INFORMATION SHOWN section start

(* Let $G$ be a finite simple unmixed graph with $r$ minimal vertex covers, and let $\mathcal{LS}(I_c(G))$ be the linear syzygy matrix of $I_c(G)$. Then the graph $\mathcal{G}_{I_c(G)}$ is connected if and only if ${\rm rank}(\mathcal{LS}(I_c(G)))=r-1$.
   Context: $G$ has vertex set $\{t_1,\ldots,t_s\}$, $S=K[t_1,\ldots,t_s]$, $K$ a field. $G$ is unmixed if all minimal vertex covers (inclusion-minimal sets of vertices meeting every edge) have the same size. Let $C_1,\ldots,C_r$ be the minimal vertex covers and $u_i=\prod_{t_j\in C_i}t_j$; $I_c(G)=(u_1,\ldots,u_r)$. The graph $\mathcal{G}_{I_c(G)}$ has vertex set $\{C_1,\ldots,C_r\}$, with $\{C_i,C_j\}$ ($i\ne j$) an edge iff $|C_i\cup C_j|=|C_i|+1$. The linear syzygy matrix $\mathcal{LS}(I_c(G))$ is the $r\times|E(\mathcal{G}_{I_c(G)})|$ matrix whose columns are the vectors $t_\ell e_i-t_ke_j\in S^r$ such that $t_\ell u_i=t_k u_j$, one for each edge $\{C_i,C_j\}$ (it is the zero matrix if there are no such syzygies). The rank is the determinantal rank: the largest $k$ such that some $k\times k$ minor is nonzero. *)

theory Defs
  imports "HOL-Library.Poly_Mapping" "Jordan_Normal_Form.Determinant"
begin

text \<open>Simple graph on the vertex set {0..<s} (vertex j stands for t_(j+1)),
  edges are 2-element subsets.\<close>
definition simple_graph :: "nat \<Rightarrow> nat set set \<Rightarrow> bool" where
  "simple_graph s E \<longleftrightarrow> (\<forall>e\<in>E. e \<subseteq> {..<s} \<and> card e = 2)"

definition vertex_cover :: "nat \<Rightarrow> nat set set \<Rightarrow> nat set \<Rightarrow> bool" where
  "vertex_cover s E C \<longleftrightarrow> C \<subseteq> {..<s} \<and> (\<forall>e\<in>E. e \<inter> C \<noteq> {})"

definition minimal_vertex_cover :: "nat \<Rightarrow> nat set set \<Rightarrow> nat set \<Rightarrow> bool" where
  "minimal_vertex_cover s E C \<longleftrightarrow> vertex_cover s E C \<and>
     (\<forall>D. D \<subset> C \<longrightarrow> \<not> vertex_cover s E D)"

definition unmixed :: "nat \<Rightarrow> nat set set \<Rightarrow> bool" where
  "unmixed s E \<longleftrightarrow> (\<forall>C D. minimal_vertex_cover s E C \<longrightarrow> minimal_vertex_cover s E D
      \<longrightarrow> card C = card D)"

text \<open>Polynomial ring S = K[t_1,...,t_s], as finitely supported functions from
  monomials (exponent vectors) to K; the variable with index j.\<close>
definition var :: "nat \<Rightarrow> ((nat \<Rightarrow>\<^sub>0 nat) \<Rightarrow>\<^sub>0 'k::field)" where
  "var j = Poly_Mapping.single (Poly_Mapping.single j 1) 1"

INFORMATION SHOWN section end

### YOUR ASSIGNMENT
The answer consists of the line holding "text \<open>Polynomial ring" and every line after it up to the end of the records, word for word.

### FINAL ANSWER
text \<open>Polynomial ring S = K[t_1,...,t_s], as finitely supported functions from
  monomials (exponent vectors) to K; the variable with index j.\<close>
definition var :: "nat \<Rightarrow> ((nat \<Rightarrow>\<^sub>0 nat) \<Rightarrow>\<^sub>0 'k::field)" where
  "var j = Poly_Mapping.single (Poly_Mapping.single j 1) 1"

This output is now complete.